Only the lines containing the string "close" are needed; copy all of them from the listing.

• • • • •

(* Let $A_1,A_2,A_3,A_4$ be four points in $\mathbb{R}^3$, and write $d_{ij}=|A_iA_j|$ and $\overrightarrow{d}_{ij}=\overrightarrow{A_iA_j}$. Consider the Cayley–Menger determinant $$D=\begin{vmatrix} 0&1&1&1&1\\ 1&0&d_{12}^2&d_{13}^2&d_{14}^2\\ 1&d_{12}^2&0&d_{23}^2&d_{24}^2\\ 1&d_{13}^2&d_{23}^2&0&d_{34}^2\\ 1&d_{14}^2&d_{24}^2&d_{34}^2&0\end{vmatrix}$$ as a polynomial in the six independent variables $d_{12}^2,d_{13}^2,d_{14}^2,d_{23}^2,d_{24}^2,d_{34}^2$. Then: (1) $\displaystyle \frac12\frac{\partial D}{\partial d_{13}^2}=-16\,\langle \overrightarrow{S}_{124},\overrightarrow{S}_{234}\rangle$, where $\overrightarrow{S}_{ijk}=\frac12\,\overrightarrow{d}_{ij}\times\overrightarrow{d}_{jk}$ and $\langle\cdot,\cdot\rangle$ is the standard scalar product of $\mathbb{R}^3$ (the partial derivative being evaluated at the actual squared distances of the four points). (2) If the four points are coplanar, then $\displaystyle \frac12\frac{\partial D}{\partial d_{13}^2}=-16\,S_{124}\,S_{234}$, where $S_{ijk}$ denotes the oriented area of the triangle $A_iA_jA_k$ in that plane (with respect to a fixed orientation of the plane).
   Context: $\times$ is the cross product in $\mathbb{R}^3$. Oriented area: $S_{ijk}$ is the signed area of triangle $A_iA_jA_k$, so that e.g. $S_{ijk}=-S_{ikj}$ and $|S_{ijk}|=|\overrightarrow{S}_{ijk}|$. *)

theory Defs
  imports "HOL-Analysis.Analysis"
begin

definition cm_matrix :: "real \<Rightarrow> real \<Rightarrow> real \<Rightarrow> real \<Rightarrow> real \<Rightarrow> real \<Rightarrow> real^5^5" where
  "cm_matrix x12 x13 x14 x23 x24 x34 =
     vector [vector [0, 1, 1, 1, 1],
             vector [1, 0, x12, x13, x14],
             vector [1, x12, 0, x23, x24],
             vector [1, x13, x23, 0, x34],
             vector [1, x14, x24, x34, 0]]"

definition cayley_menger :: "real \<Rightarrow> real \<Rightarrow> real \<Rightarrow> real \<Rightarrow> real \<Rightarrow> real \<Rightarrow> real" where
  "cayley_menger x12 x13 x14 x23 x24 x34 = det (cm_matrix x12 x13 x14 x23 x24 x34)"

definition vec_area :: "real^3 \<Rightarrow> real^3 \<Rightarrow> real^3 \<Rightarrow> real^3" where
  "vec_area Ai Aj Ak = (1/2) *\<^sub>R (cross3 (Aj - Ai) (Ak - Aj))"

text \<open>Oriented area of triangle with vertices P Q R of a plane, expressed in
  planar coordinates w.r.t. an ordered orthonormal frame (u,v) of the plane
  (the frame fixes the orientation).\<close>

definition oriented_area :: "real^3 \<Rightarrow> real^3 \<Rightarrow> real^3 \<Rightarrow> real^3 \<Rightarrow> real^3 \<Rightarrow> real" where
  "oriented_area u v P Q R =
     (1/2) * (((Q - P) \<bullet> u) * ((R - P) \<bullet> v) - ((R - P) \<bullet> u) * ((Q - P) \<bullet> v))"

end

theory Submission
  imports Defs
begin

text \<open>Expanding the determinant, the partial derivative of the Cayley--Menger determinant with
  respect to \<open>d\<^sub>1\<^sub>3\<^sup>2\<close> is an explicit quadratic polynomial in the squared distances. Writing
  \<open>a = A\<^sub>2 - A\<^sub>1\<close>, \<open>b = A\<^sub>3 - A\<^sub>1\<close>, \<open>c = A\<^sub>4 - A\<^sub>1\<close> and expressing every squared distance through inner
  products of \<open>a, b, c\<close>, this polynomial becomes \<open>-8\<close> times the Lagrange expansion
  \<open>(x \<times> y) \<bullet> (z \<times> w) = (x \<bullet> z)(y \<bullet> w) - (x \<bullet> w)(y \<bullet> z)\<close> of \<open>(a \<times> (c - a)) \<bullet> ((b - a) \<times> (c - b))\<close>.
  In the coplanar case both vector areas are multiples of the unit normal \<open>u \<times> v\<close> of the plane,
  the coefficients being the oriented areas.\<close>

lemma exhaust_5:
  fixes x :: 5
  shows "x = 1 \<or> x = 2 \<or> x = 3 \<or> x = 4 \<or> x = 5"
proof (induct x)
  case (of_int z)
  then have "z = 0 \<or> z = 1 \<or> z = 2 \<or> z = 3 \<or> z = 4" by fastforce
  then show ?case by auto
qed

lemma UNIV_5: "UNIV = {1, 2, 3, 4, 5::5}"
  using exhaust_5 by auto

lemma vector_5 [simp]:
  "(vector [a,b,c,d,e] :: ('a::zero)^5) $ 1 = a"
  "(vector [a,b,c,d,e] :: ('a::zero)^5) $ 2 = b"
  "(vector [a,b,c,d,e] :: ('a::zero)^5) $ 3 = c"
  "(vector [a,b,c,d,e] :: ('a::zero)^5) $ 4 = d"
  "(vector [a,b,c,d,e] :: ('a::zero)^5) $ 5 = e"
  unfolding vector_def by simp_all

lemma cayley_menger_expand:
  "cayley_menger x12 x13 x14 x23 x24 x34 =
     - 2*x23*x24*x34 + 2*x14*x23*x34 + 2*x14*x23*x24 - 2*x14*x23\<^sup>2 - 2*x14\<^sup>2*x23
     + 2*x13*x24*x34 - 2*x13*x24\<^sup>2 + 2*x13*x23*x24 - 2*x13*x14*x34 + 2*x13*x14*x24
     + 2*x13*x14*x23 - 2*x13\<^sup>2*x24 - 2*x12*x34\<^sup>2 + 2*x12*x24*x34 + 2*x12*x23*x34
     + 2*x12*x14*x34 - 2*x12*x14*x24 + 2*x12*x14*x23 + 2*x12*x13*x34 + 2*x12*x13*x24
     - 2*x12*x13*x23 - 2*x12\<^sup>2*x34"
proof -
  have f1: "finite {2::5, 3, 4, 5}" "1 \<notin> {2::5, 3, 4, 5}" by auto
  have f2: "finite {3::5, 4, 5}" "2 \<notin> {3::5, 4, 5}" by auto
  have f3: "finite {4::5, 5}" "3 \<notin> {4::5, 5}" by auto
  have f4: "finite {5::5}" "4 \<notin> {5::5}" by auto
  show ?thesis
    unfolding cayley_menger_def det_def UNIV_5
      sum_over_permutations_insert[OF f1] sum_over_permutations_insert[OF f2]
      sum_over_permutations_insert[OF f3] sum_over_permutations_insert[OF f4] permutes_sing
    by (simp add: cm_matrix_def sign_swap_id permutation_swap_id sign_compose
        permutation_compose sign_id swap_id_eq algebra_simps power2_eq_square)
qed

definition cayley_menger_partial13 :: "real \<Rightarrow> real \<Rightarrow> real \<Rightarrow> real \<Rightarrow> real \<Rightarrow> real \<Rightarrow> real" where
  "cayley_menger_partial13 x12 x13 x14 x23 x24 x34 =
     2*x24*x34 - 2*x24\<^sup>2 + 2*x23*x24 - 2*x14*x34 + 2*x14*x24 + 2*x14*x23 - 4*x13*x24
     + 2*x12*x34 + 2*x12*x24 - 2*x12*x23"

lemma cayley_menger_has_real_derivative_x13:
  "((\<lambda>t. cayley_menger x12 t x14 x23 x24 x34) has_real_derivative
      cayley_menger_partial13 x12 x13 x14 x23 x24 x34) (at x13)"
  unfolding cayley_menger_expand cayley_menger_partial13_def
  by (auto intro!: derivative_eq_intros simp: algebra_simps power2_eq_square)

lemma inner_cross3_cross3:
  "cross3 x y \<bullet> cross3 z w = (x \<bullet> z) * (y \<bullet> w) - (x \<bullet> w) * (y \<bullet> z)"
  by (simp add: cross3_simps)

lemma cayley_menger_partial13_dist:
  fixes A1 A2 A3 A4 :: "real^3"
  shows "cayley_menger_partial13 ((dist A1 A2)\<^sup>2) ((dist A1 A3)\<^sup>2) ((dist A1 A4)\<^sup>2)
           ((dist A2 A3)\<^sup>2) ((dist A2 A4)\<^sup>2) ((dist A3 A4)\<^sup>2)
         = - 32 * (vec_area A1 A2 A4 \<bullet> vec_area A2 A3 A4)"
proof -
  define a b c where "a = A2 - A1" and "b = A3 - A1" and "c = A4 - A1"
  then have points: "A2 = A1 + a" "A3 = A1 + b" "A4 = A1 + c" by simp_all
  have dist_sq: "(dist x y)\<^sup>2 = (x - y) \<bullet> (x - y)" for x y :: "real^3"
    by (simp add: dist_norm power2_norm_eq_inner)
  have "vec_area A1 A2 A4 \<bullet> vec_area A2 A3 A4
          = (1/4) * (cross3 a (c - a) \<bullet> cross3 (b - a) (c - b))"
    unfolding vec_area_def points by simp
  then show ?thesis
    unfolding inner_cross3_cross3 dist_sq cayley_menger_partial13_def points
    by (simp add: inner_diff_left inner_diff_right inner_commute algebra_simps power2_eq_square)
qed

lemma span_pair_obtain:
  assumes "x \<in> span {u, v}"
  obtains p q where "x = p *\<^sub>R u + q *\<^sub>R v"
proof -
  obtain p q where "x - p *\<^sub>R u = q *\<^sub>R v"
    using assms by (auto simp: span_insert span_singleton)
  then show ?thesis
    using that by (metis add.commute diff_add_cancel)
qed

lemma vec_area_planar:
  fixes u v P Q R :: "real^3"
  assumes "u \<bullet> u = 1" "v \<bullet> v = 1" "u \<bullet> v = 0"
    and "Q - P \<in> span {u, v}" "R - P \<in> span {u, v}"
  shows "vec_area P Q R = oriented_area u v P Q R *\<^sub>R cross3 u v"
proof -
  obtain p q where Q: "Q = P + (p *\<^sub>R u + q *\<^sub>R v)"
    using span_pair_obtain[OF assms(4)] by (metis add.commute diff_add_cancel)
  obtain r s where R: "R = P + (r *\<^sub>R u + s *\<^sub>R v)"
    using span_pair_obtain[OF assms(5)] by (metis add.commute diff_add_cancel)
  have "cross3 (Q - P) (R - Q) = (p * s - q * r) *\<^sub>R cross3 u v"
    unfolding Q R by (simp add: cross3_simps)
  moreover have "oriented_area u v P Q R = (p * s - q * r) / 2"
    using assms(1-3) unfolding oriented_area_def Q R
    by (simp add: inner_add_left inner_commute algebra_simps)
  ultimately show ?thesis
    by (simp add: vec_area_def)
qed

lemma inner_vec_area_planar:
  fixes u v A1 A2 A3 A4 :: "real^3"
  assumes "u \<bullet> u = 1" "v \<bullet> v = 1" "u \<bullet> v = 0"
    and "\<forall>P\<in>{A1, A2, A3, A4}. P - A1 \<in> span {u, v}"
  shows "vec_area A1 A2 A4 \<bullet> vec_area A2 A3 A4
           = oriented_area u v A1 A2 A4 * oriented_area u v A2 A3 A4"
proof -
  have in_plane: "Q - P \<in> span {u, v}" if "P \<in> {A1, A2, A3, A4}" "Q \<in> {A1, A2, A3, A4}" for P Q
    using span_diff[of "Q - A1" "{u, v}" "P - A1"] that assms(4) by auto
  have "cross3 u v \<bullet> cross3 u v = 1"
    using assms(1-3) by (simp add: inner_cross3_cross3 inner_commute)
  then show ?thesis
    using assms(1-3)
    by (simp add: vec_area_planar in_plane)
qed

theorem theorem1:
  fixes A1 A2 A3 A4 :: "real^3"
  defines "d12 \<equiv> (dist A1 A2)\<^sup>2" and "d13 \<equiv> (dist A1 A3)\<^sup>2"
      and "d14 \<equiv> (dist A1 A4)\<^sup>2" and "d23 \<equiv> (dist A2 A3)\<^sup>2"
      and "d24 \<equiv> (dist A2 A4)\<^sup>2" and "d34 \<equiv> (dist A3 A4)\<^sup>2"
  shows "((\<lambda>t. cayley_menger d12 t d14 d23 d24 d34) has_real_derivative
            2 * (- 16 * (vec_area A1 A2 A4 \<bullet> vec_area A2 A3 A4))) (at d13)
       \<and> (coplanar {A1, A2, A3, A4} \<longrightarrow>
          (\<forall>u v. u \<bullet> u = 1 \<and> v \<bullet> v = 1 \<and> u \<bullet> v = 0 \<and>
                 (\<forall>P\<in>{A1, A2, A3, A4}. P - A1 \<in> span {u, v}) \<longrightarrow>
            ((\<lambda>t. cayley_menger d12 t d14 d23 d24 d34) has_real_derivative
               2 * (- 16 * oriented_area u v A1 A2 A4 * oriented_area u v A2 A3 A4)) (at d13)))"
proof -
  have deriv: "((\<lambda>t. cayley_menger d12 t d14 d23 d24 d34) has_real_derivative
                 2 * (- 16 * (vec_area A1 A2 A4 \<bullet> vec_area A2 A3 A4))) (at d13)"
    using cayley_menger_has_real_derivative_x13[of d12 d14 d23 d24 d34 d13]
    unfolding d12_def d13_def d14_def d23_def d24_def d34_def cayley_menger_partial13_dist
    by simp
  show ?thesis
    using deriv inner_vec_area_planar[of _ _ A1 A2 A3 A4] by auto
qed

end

• • • • •

YOUR SOLUTION:
  (the frame fixes the orientation).\<close>
  respect to \<open>d\<^sub>1\<^sub>3\<^sup>2\<close> is an explicit quadratic polynomial in the squared distances. Writing
  \<open>a = A\<^sub>2 - A\<^sub>1\<close>, \<open>b = A\<^sub>3 - A\<^sub>1\<close>, \<open>c = A\<^sub>4 - A\<^sub>1\<close> and expressing every squared distance through inner
  products of \<open>a, b, c\<close>, this polynomial becomes \<open>-8\<close> times the Lagrange expansion
  \<open>(x \<times> y) \<bullet> (z \<times> w) = (x \<bullet> z)(y \<bullet> w) - (x \<bullet> w)(y \<bullet> z)\<close> of \<open>(a \<times> (c - a)) \<bullet> ((b - a) \<times> (c - b))\<close>.
  In the coplanar case both vector areas are multiples of the unit normal \<open>u \<times> v\<close> of the plane,
  the coefficients being the oriented areas.\<close>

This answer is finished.